Congratulations on being "right" that nobody pays a half a million dollars extra on a house just for charity.

Posted

Man, it's really a shame you just don't know when to quit. You posted a knee jerk, know-it-all response without bothering to understand the whole story. Just admit it and move on.

 

Congratulations on being "right" that nobody pays a half a million dollars extra on a house just for charity.

It was a simple point. And jw's article says what it says. Mine wasn't a "knee jerk". I was saying why I disagreed with the poster's premise, which was crazy.

 

If you have anything substantial to add to the discussion, be my guest. If you're just here to scold, why don't you start a thread about which rookies are going to get which numbers or something?

Posted

That's not in jw's Friday AP article linked by the other poster, which is what I was referencing.

 

Anyway, if that's the way it happened, then the bank is the one who donated the money. My original comment was to the poster who said Mario paid more than asking so that some money would go to the victims. Not true. He won the bidding war for a repo house.
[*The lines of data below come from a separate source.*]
lemma gp_hom_all_imp_eq:
  fixes \<alpha> \<beta> :: "('a::{uniform_space, t1_space} \<times> 'a) set \<Rightarrow> 'a list set"
  assumes \<alpha>: "is_gpath x0 y1 \<alpha>" and \<beta>: "is_gpath x0 y2 \<beta>" and hom: "\<And>E. ent E \<Longrightarrow> gp_hom E \<alpha> \<beta>"
  shows "\<alpha> = \<beta>"
proof -
  have ends: "(y1, y2) \<in> E" if E: "ent E" for E
  proof -
    obtain p q where "p \<in> \<alpha> E" "q \<in> \<beta> E" "ehom E p q"
      using hom[OF E] unfolding gp_hom_def by blast
    with E show ?thesis
      using is_gpath_memD[OF \<alpha>] is_gpath_memD[OF \<beta>] unfolding ehom_def by metis
  qed
  have "y1 = y2"
    using ent_separating[of y1 y2] ends by blast
  show ?thesis
  proof (rule is_gpath_eqI[OF \<alpha> \<beta>])
    fix E :: "('a \<times> 'a) set"
    assume E: "ent E"
    obtain p q where pq: "p \<in> \<alpha> E" "q \<in> \<beta> E" "ehom E p q"
      using hom[OF E] unfolding gp_hom_def by blast
    have p: "hd p = x0" "last p = y1" using is_gpath_memD[OF \<alpha> E pq(1)] by simp_all
    have q: "epath E q" "hd q = x0" "last q = y1" using is_gpath_memD[OF \<beta> E pq(2)] \<open>y1 = y2\<close> by simp_all
    have "homot E p (hd q # q @ [last q])" using pq(3) p q unfolding ehom_def by simp
    moreover have "homot E q (hd q # q @ [last q])" using homot_pad_ends[OF q(1)] ent_refl[OF E] by blast
    ultimately have "homot E p q" using homot_sym homot_trans by blast
    with pq show "\<exists>p \<in> \<alpha> E. \<exists>q \<in> \<beta> E. homot E p q" by blast
  qed
qed

section \<open>Uniform equivalence and the conditions GP1, GP2\<close>

lemma gp_map_GP:
  assumes "generates f"
  shows "gp_map f ` GP x0 \<subseteq> GP (f x0)"
  using is_gpath_gp_map[OF assms] unfolding GP_def by blast

lemma gp_ucont_gp_map:
  fixes f :: "'a::uniform_space \<Rightarrow> 'b::uniform_space"
  assumes f: "generates f"
  shows "gp_ucont (GP x0) (gp_map f)"
  unfolding gp_ucont_def
proof (intro allI impI)
  fix F :: "('b \<times> 'b) set" assume F: "ent F"
  have "gp_hom F (gp_map f c) (gp_map f d)"
    if "c \<in> GP x0" "d \<in> GP x0" "gp_hom (pre f F) c d" for c d
    using that gp_hom_gp_map[OF f _ _ F] unfolding mem_GP_iff by blast
  with ent_pre[OF f F] show "\<exists>E. ent E \<and>
      (\<forall>c \<in> GP x0. \<forall>d \<in> GP x0. gp_hom E c d \<longrightarrow> gp_hom F (gp_map f c) (gp_map f d))"
    by blast
qed

text \<open>GP2 for a single base point; GP2 itself asks for one F serving all base points.\<close>

definition GP2_at :: "('a::uniform_space \<Rightarrow> 'b::uniform_space) \<Rightarrow> 'a \<Rightarrow> bool" where
  "GP2_at f x0 \<longleftrightarrow> (\<forall>E. ent E \<longrightarrow> (\<exists>F. ent F \<and> (\<forall>\<alpha> \<in> GP x0. \<forall>\<beta> \<in> GP x0.
     gp_hom (pimg f F) (gp_map f \<alpha>) (gp_map f \<beta>) \<longrightarrow> gp_hom E \<alpha> \<beta>)))"

lemma GP2_imp_GP2_at: "GP2 f \<Longrightarrow> GP2_at f x0"
  unfolding GP2_def GP2_at_def by blast

lemma inj_on_gp_map:
  fixes f :: "'a::{uniform_space, t1_space} \<Rightarrow> 'b::uniform_space"
  assumes f: "generates f" and "GP2_at f x0"
  shows "inj_on (gp_map f) (GP x0)"
proof (rule inj_onI)
  fix c d assume c: "c \<in> GP x0" and d: "d \<in> GP x0" and cd: "gp_map f c = gp_map f d"
  obtain y1 y2 where cy: "is_gpath x0 y1 c" and dy: "is_gpath x0 y2 d"
    using c d unfolding mem_GP_iff by blast
  show "c = d"
  proof (rule gp_hom_all_imp_eq[OF cy dy])
    fix E :: "('a \<times> 'a) set" assume "ent E"
    with assms(2) obtain F where F: "ent F" and hom: "\<forall>\<alpha> \<in> GP x0. \<forall>\<beta> \<in> GP x0.
        gp_hom (pimg f F) (gp_map f \<alpha>) (gp_map f \<beta>) \<longrightarrow> gp_hom E \<alpha> \<beta>"
      unfolding GP2_at_def by blast
    have "gp_hom (pimg f F) (gp_map f c) (gp_map f d)"
      using gp_hom_refl[OF is_gpath_gp_map[OF f cy] ent_pimg[OF f F]] cd by simp
    with hom c d show "gp_hom E c d" by blast
  qed
qed

lemma gp_uequiv_gp_map:
  fixes f :: "'a::{uniform_space, t1_space} \<Rightarrow> 'b::uniform_space"
  assumes f: "generates f" and surj: "GP (f x0) \<subseteq> gp_map f ` GP x0" and GP2: "GP2_at f x0"
  shows "gp_uequiv (GP x0) (GP (f x0)) (gp_map f)"
proof -
  define h where "h = inv_into (GP x0) (gp_map f)"
  have h_into: "h d \<in> GP x0" and h_right: "gp_map f (h d) = d" if "d \<in> GP (f x0)" for d
    using surj that inv_into_into[of d "gp_map f" "GP x0"] f_inv_into_f[of d "gp_map f" "GP x0"]
    unfolding h_def by auto
  have h_left: "h (gp_map f c) = c" if "c \<in> GP x0" for c
    using inv_into_f_f[OF inj_on_gp_map[OF f GP2] that] unfolding h_def .
  have "gp_ucont (GP (f x0)) h"
    unfolding gp_ucont_def
  proof (intro allI impI)
    fix E :: "('a \<times> 'a) set" assume "ent E"
    with GP2 obtain F where F: "ent F" and hom: "\<forall>\<alpha> \<in> GP x0. \<forall>\<beta> \<in> GP x0.
        gp_hom (pimg f F) (gp_map f \<alpha>) (gp_map f \<beta>) \<longrightarrow> gp_hom E \<alpha> \<beta>"
      unfolding GP2_at_def by blast
    have "gp_hom E (h c) (h d)" if "c \<in> GP (f x0)" "d \<in> GP (f x0)" "gp_hom (pimg f F) c d" for c d
    proof -
      have "gp_hom (pimg f F) (gp_map f (h c)) (gp_map f (h d))"
        using that(3) h_right[OF that(1)] h_right[OF that(2)] by simp
      with hom h_into[OF that(1)] h_into[OF that(2)] show ?thesis by blast
    qed
    with ent_pimg[OF f F] show "\<exists>F'. ent F' \<and>
        (\<forall>c \<in> GP (f x0). \<forall>d \<in> GP (f x0). gp_hom F' c d \<longrightarrow> gp_hom E (h c) (h d))"
      by blast
  qed
  moreover have "h ` GP (f x0) \<subseteq> GP x0" using h_into by blast
  ultimately show ?thesis
    unfolding gp_uequiv_def using gp_map_GP[OF f] gp_ucont_gp_map[OF f] h_left h_right
    by blast
qed

lemma GP1_iff_surj: "GP1 f \<longleftrightarrow> (\<forall>x0. GP (f x0) \<subseteq> gp_map f ` GP x0)"
  unfolding GP1_def subset_iff image_iff by (simp add: eq_commute Ball_def)

lemma GP1_if_surj_at:
  fixes f :: "'a::uniform_space \<Rightarrow> 'b::uniform_space"
  assumes f: "generates f" and j: "joinable TYPE('a)" and surj: "GP (f x1) \<subseteq> gp_map f ` GP x1"
  shows "GP1 f"
  unfolding GP1_def
proof (intro allI ballI)
  fix x0 c assume "c \<in> GP (f x0)"
  then obtain y where c: "is_gpath (f x0) y c" unfolding mem_GP_iff by blast
  obtain \<gamma> where \<gamma>: "is_gpath x1 x0 \<gamma>" using j unfolding joinable_def by blast
  have "gp_cat (gp_map f \<gamma>) c \<in> GP (f x1)"
    using is_gpath_gp_cat[OF is_gpath_gp_map[OF f \<gamma>] c] unfolding mem_GP_iff by blast
  with surj obtain d' where "d' \<in> GP x1" and fd': "gp_map f d' = gp_cat (gp_map f \<gamma>) c"
    by (auto simp only: subset_iff image_iff)
  then obtain z where d': "is_gpath x1 z d'" unfolding mem_GP_iff by blast
  have "gp_map f (gp_cat (gp_rev \<gamma>) d') = gp_cat (gp_rev (gp_map f \<gamma>)) (gp_cat (gp_map f \<gamma>) c)"
    using gp_map_gp_cat[OF f is_gpath_gp_rev[OF \<gamma>] d'] gp_map_gp_rev[OF f \<gamma>] fd' by simp
  also have "\<dots> = c" using gp_cat_gp_rev_cancel[OF is_gpath_gp_map[OF f \<gamma>] c] .
  finally have "gp_map f (gp_cat (gp_rev \<gamma>) d') = c" .
  moreover have "gp_cat (gp_rev \<gamma>) d' \<in> GP x0"
    using is_gpath_gp_cat[OF is_gpath_gp_rev[OF \<gamma>] d'] unfolding mem_GP_iff by blast
  ultimately show "\<exists>d \<in> GP x0. gp_map f d = c" by blast
qed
The link to that article was posted in this thread before jw's article was linked, in a response to one of your posts. As for the "bidding war for a repo (meaningless in this case) house," he paid $2M, and the asking price was $1,990,000. That's just a $10K difference.

Posted

The link to that article was posted in this thread before jw's article was linked, in a response to one of your posts. As for the "bidding war for a repo (meaningless in this case) house," he paid $2M, and the asking price was $1,990,000. That's just a $10K difference.

 

I did miss that. I was responding to the jw link.

 

It was a bidding war--likely started well below the asking price. I agree it ultimately was meaningless as the mortgage holders were going to give away a large chunk no matter what. You're right about that.

Posted

I guess if you're single. I love NYC but it's like college for adults. You're broke, live in a box, and have to have someone drive you. But $10 beer is so much better in the city. If you had a family, IMO, you'd be crazy to raise them in NYC over Buffalo. That said, there are fewer greater places than NYC if you're single.

 

I live in New Jersey right outside of NYC (Its a 15 minute bus ride or a 10 minute train ride from my house to Manhattan) and I love NYC but I agree its hard to live there. That's why I love NJ, you have pretty easy access to any part of NYC but you get a cheaper cost of living along with more room to live in.

 

I would love to move into the city for a couple of years just to see what its like to fully live there but right now I don't make enough money to do that and pay down my student loans. But NYC is no place to raise a family, that's why pretty much everyone you meet in NYC is from Jersey, suburbs of NY, or Staten Island or another borough.